WORK ITEM
How do the lines below between the ones holding "ultimately obtain z" and "by (rule mu_atom_infinite[OF", inclusive, read? Give them again exactly, with no other lines.

PROVIDED RECORDS
lemma mu_atom_infinite:
  assumes "mu_atom A"
  shows "mu_outer A = \<infinity>"
proof (rule ccontr)
  assume "mu_outer A \<noteq> \<infinity>"
  then obtain R where R: "\<And>n. finite_rect (R n)" and cover: "A \<subseteq> (\<Union>n. rect (R n))"
    and "(\<Sum>n. vol (R n)) < \<infinity>"
    using mu_outer_less_cover[of A \<infinity>] by (auto simp: less_top)
  obtain r where r: "\<And>n. r n < \<infinity>"
    and slab_le: "\<And>I L. I \<in> sets borel \<Longrightarrow> emeasure lborel I \<le> ennreal L \<Longrightarrow>
      mu_outer (A \<inter> {x. x 0 \<in> I}) \<le> (\<Sum>n. min (vol (R n)) (r n * ennreal L))"
    using mu_outer_slab_le[OF R cover] by blast
  have "0 < mu_outer A"
    using assms by (simp add: mu_atom_def)
  then obtain L where "0 < L" and small: "(\<Sum>n. min (vol (R n)) (r n * ennreal L)) < mu_outer A"
    by (rule suminf_min_cmult_less[OF \<open>(\<Sum>n. vol (R n)) < \<infinity>\<close> r])
  define I where "I z = {of_int z * L ..< of_int z * L + L}" for z :: int
  have I_borel: "I z \<in> sets borel" for z
    unfolding I_def by simp
  have "A \<subseteq> (\<Union>z. {x. x 0 \<in> I z})"
    using UN_int_atLeastLessThan_eq_UNIV[OF \<open>0 < L\<close>] unfolding I_def by blast
  moreover have "{x. x 0 \<in> I z} \<in> B_inf" for z
    by (rule coordinate_preimage_in_B_inf[OF I_borel])
  ultimately obtain z where "mu_outer (A \<inter> {x. x 0 \<in> I z}) = mu_outer A"
    by (rule mu_atom_split[OF assms])
  moreover have "mu_outer (A \<inter> {x. x 0 \<in> I z}) \<le> (\<Sum>n. min (vol (R n)) (r n * ennreal L))"
    using I_borel \<open>0 < L\<close> by (intro slab_le) (simp_all add: I_def)
  ultimately show False
    using small by simp
qed

theorem corollaryA6:
  fixes E :: "(nat \<Rightarrow> real) set"
  assumes "E \<in> B_inf"
    and "\<exists>F :: nat \<Rightarrow> (nat \<Rightarrow> real) set.
           (\<forall>n. F n \<in> B_inf \<and> F n \<subseteq> E \<and> mu_outer (F n) < \<infinity>) \<and> E = (\<Union>n. F n)"
  shows "\<not> (\<exists>A. A \<in> B_inf \<and> A \<subseteq> E \<and> mu_outer A > 0 \<and>
            (\<forall>B. B \<in> B_inf \<and> B \<subseteq> A \<longrightarrow> mu_outer B = 0 \<or> mu_outer B = mu_outer A))"
proof
  assume "\<exists>A. A \<in> B_inf \<and> A \<subseteq> E \<and> mu_outer A > 0 \<and>
            (\<forall>B. B \<in> B_inf \<and> B \<subseteq> A \<longrightarrow> mu_outer B = 0 \<or> mu_outer B = mu_outer A)"
  then obtain A where "A \<in> B_inf" "A \<subseteq> E" "0 < mu_outer A"
    and "\<forall>B. B \<in> B_inf \<and> B \<subseteq> A \<longrightarrow> mu_outer B = 0 \<or> mu_outer B = mu_outer A"
    by blast
  then have "mu_atom A"
    unfolding mu_atom_def by blast
  from assms(2) obtain F :: "nat \<Rightarrow> (nat \<Rightarrow> real) set"
    where F: "\<forall>n. F n \<in> B_inf \<and> F n \<subseteq> E \<and> mu_outer (F n) < \<infinity>" and "E = (\<Union>n. F n)"
    by blast
  then have A_cover: "A \<subseteq> (\<Union>n. F n)" and F_B_inf: "\<And>n. F n \<in> B_inf"
    using \<open>A \<subseteq> E\<close> by blast+
  obtain n where "mu_outer (A \<inter> F n) = mu_outer A"
    by (rule mu_atom_split[OF \<open>mu_atom A\<close> A_cover F_B_inf])
  also have "\<dots> = \<infinity>"
    by (rule mu_atom_infinite[OF \<open>mu_atom A\<close>])
  finally have "mu_outer (F n) < mu_outer (A \<inter> F n)"
    using F by simp
  moreover have "mu_outer (A \<inter> F n) \<le> mu_outer (F n)"
    by (rule mu_outer_mono) blast
  ultimately show False
    by simp
qed

end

SOLUTION TO THIS PROBLEM
  ultimately obtain z where "mu_outer (A \<inter> {x. x 0 \<in> I z}) = mu_outer A"
    by (rule mu_atom_split[OF assms])
  moreover have "mu_outer (A \<inter> {x. x 0 \<in> I z}) \<le> (\<Sum>n. min (vol (R n)) (r n * ennreal L))"
    using I_borel \<open>0 < L\<close> by (intro slab_le) (simp_all add: I_def)
  ultimately show False
    using small by simp
qed

theorem corollaryA6:
  fixes E :: "(nat \<Rightarrow> real) set"
  assumes "E \<in> B_inf"
    and "\<exists>F :: nat \<Rightarrow> (nat \<Rightarrow> real) set.
           (\<forall>n. F n \<in> B_inf \<and> F n \<subseteq> E \<and> mu_outer (F n) < \<infinity>) \<and> E = (\<Union>n. F n)"
  shows "\<not> (\<exists>A. A \<in> B_inf \<and> A \<subseteq> E \<and> mu_outer A > 0 \<and>
            (\<forall>B. B \<in> B_inf \<and> B \<subseteq> A \<longrightarrow> mu_outer B = 0 \<or> mu_outer B = mu_outer A))"
proof
  assume "\<exists>A. A \<in> B_inf \<and> A \<subseteq> E \<and> mu_outer A > 0 \<and>
            (\<forall>B. B \<in> B_inf \<and> B \<subseteq> A \<longrightarrow> mu_outer B = 0 \<or> mu_outer B = mu_outer A)"
  then obtain A where "A \<in> B_inf" "A \<subseteq> E" "0 < mu_outer A"
    and "\<forall>B. B \<in> B_inf \<and> B \<subseteq> A \<longrightarrow> mu_outer B = 0 \<or> mu_outer B = mu_outer A"
    by blast
  then have "mu_atom A"
    unfolding mu_atom_def by blast
  from assms(2) obtain F :: "nat \<Rightarrow> (nat \<Rightarrow> real) set"
    where F: "\<forall>n. F n \<in> B_inf \<and> F n \<subseteq> E \<and> mu_outer (F n) < \<infinity>" and "E = (\<Union>n. F n)"
    by blast
  then have A_cover: "A \<subseteq> (\<Union>n. F n)" and F_B_inf: "\<And>n. F n \<in> B_inf"
    using \<open>A \<subseteq> E\<close> by blast+
  obtain n where "mu_outer (A \<inter> F n) = mu_outer A"
    by (rule mu_atom_split[OF \<open>mu_atom A\<close> A_cover F_B_inf])
  also have "\<dots> = \<infinity>"
    by (rule mu_atom_infinite[OF \<open>mu_atom A\<close>])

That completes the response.